◆ **WORK REQUEST**
Using the records that appear below, write out exactly the lines from the one with "by (simp_all add: x_def" through the one with "2 * y ^ 2) * B0", keeping both end lines.
*** Opening AVAILABLE RECORDS ***
lemma qbinom_pascal:
  "qbinom q (Suc N) k = q powi k * qbinom q N k + qbinom q N (k - 1)"
proof -
  consider (outside) "k < 0 \<or> int N + 1 < k" | (bottom) "k = 0" | (top) "k = int N + 1"
    | (inside) "0 < k \<and> k \<le> int N"
    by linarith
  then show ?thesis
  proof cases
    case inside
    define a b where "a = nat k - 1" and "b = N - nat k"
    with inside have ab: "k = int (Suc a)" "N = Suc (a + b)" by auto
    define x y C where "x = q ^ Suc a" and "y = q ^ Suc b"
      and "C = qpoch q q N / (qpoch q q a * qpoch q q b)"
    have nz: "1 - x \<noteq> 0" "1 - y \<noteq> 0"
      unfolding x_def y_def by (simp_all add: not_root_of_unity del: power_Suc)
    have "q * q ^ N = x * y"
      using ab by (simp add: x_def y_def power_add[symmetric])
    then have "qbinom q (Suc N) k = C * ((1 - x * y) / ((1 - x) * (1 - y)))"
      "qbinom q N k = C / (1 - x)" "qbinom q N (k - 1) = C / (1 - y)"
      using ab by (simp_all add: qbinom_def nat_add_distrib qpoch_Suc x_def y_def C_def power_add mult_ac)
    moreover have "q powi k = x"
      using ab by (simp add: x_def power_int_of_nat[symmetric])
    moreover have "(1 - x * y) / ((1 - x) * (1 - y)) = x / (1 - x) + 1 / (1 - y)"
      using nz by (simp add: field_simps)
    ultimately show ?thesis by (simp add: distrib_left)
  qed (use qbinom_self[of "Suc N"] in \<open>auto simp: qbinom_eq_0 add.commute\<close>)
qed

lemma qbinom_pascal':
  "qbinom q (Suc N) k = qbinom q N k + q powi (int N + 1 - k) * qbinom q N (k - 1)"
  using qbinom_pascal[of N "int N + 1 - k"] qbinom_symmetric[of q "Suc N" k]
    qbinom_symmetric[of q N k] qbinom_symmetric[of q N "k - 1"]
  by (simp add: algebra_simps)

lemma qbinom_Suc_Suc:
  "qbinom q (Suc (Suc N)) (k + 1) = (1 + q ^ Suc N) * qbinom q N k
     + q powi (int N + 1 - k) * qbinom q N (k - 1) + q powi (k + 1) * qbinom q N (k + 1)"
proof -
  define u v where "u = q powi (k + 1)" and "v = q powi (int N - k)"
  have "u * v = q powi int (Suc N)"
    using nonzero by (simp add: u_def v_def power_int_add[symmetric])
  then have uv: "u * v = q ^ Suc N" by (simp only: power_int_of_nat)
  have ratio: "(1 - u) * qbinom q N (k + 1) = (1 - v) * qbinom q N k"
    unfolding u_def v_def by (rule qbinom_ratio)
  have "qbinom q (Suc (Suc N)) (k + 1) = u * qbinom q (Suc N) (k + 1) + qbinom q (Suc N) k"
    unfolding u_def by (simp add: qbinom_pascal)
  also have "\<dots> = u * (u * qbinom q N (k + 1) + qbinom q N k)
      + (qbinom q N k + q powi (int N + 1 - k) * qbinom q N (k - 1))"
    unfolding u_def by (simp add: qbinom_pascal[of N "k + 1"] qbinom_pascal'[of N k])
  also have "\<dots> = (1 + u * v) * qbinom q N k + q powi (int N + 1 - k) * qbinom q N (k - 1)
      + u * qbinom q N (k + 1) - u * ((1 - u) * qbinom q N (k + 1) - (1 - v) * qbinom q N k)"
    by (simp add: algebra_simps)
  also have "\<dots> = (1 + q ^ Suc N) * qbinom q N k + q powi (int N + 1 - k) * qbinom q N (k - 1)
      + u * qbinom q N (k + 1)"
    by (simp add: ratio uv)
  finally show ?thesis unfolding u_def .
qed

lemma power_int_of_nat_add: "q powi (int a + b) = q ^ a * q powi b"
  using nonzero by (simp add: power_int_add)

lemma qbinom_alternating_step:
  assumes "int n = int r + j"
  shows "q ^ r * (1 + q ^ (r + 1)) * qbinom q (2 * n + 2) j
      - (1 + q ^ (n + 1)) * (q ^ r * (1 + q ^ (r + 1))) * qbinom q (2 * n) (j - 1)
    = q ^ (n + 3 * r + 3) * (1 + q ^ (n + 1)) * qbinom q (2 * n) (j - 2)
      + q ^ n * (1 + q ^ (n + 1)) * qbinom q (2 * n) j" (is "?lhs = ?rhs")
proof -
  define x y where "x = q ^ r" and "y = q powi j"
  define B0 Bp Bm where "B0 = qbinom q (2 * n) (j - 1)" and "Bp = qbinom q (2 * n) j"
    and "Bm = qbinom q (2 * n) (j - 2)"
  have n: "q ^ n = x * y"
    using assms power_int_of_nat_add[of r j] by (simp flip: power_int_of_nat add: x_def y_def)
  have exps: "int (2 * n) + 1 - (j - 1) = int (2 * r + 2) + j" "int (2 * n) - (j - 1) = int (2 * r + 1) + j"
    "int (2 * n) - (j - 2) = int (2 * r + 2) + j"
    using assms by simp_all
  have "q ^ Suc (2 * n) = q * (q ^ n) ^ 2" "q ^ (n + 3 * r + 3) = q ^ 3 * x ^ 3 * q ^ n"
    by (simp add: power_mult mult.commute)
      (simp add: x_def power_add power_mult[of q r 3, symmetric] mult.commute[of 3 r])
  then have powers: "q powi (int (2 * n) + 1 - (j - 1)) = q ^ 2 * x ^ 2 * y"
    "q powi (int (2 * n) - (j - 1)) = q * x ^ 2 * y" "q powi (int (2 * n) - (j - 2)) = q ^ 2 * x ^ 2 * y"
    "q ^ Suc (2 * n) = q * x ^ 2 * y ^ 2" "q * q powi (j - 1) = y"
    "q ^ (r + 1) = q * x" "q ^ (n + 1) = q * x * y" "q ^ (n + 3 * r + 3) = q ^ 3 * x ^ 3 * (x * y)"
    unfolding exps power_int_of_nat_add using n nonzero
    by (simp_all add: x_def y_def power_add power_even_eq power_mult_distrib power_int_diff power2_eq_square)
  have expansion: "qbinom q (2 * n + 2) j = (1 + q * x ^ 2 * y ^ 2) * B0 + q ^ 2 * x ^ 2 * y * Bm + y * Bp"
    using qbinom_Suc_Suc[of "2 * n" "j - 1"] unfolding powers B0_def Bp_def Bm_def y_def by simp
  have ratio1: "(1 - y) * Bp = (1 - q * x ^ 2 * y) * B0"
    using qbinom_ratio[of "j - 1" "2 * n"] unfolding powers B0_def Bp_def y_def by simp
  have "(1 - q powi (j - 1)) * B0 = (1 - q ^ 2 * x ^ 2 * y) * Bm"
    using qbinom_ratio[of "j - 2" "2 * n"] unfolding powers B0_def Bm_def by simp
  then have ratio2: "(q - y) * B0 = q * (1 - q ^ 2 * x ^ 2 * y) * Bm"
    using powers(5) by algebra
  have "?lhs - ?rhs = q * x ^ 2 * y * ((1 + q * x) * (x * y - 1) * B0
      + x * (q * (1 - q ^ 2 * x ^ 2 * y) * Bm) + (1 - y) * Bp)"
    unfolding expansion n powers(6-8) B0_def[symmetric] Bp_def[symmetric] Bm_def[symmetric] x_def[symmetric]
    by algebra
  also have "\<dots> = q * x ^ 2 * y * ((1 + q * x) * (x * y - 1) + x * (q - y) + (1 - q * x ^ 2 * y)) * B0"
    unfolding ratio1 ratio2[symmetric] by (simp add: algebra_simps)
  also have "\<dots> = 0"
    by algebra
  finally show ?thesis by simp
qed

(* By qbinom_ratio, alt_term d n i / (1 + q^n) is the summand k = n - d - 2i of the first
   right-hand side, with [2n; k] traded for [2n; k - 1]. *)
definition alt_term :: "nat \<Rightarrow> nat \<Rightarrow> nat \<Rightarrow> 'a" where
  "alt_term d n i = (-1) ^ i * q ^ (3 * i\<^sup>2 + 3 * d * i) * (q ^ (d + 2 * i) * (1 + q ^ (d + 2 * i + 1)))
     * qbinom q (2 * n) (int n - int (d + 2 * i) - 1)"

definition alt_cert :: "nat \<Rightarrow> nat \<Rightarrow> nat \<Rightarrow> 'a" where
  "alt_cert d n i = (-1) ^ Suc i * q ^ (3 * i\<^sup>2 + 3 * d * i) * (q ^ n * (1 + q ^ (n + 1)))
     * qbinom q (2 * n) (int n - int (d + 2 * i))"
*** Closing AVAILABLE RECORDS ***
◆ **OUTPUT FOR THIS TASK**
    by (simp_all add: x_def y_def power_add power_even_eq power_mult_distrib power_int_diff power2_eq_square)
  have expansion: "qbinom q (2 * n + 2) j = (1 + q * x ^ 2 * y ^ 2) * B0 + q ^ 2 * x ^ 2 * y * Bm + y * Bp"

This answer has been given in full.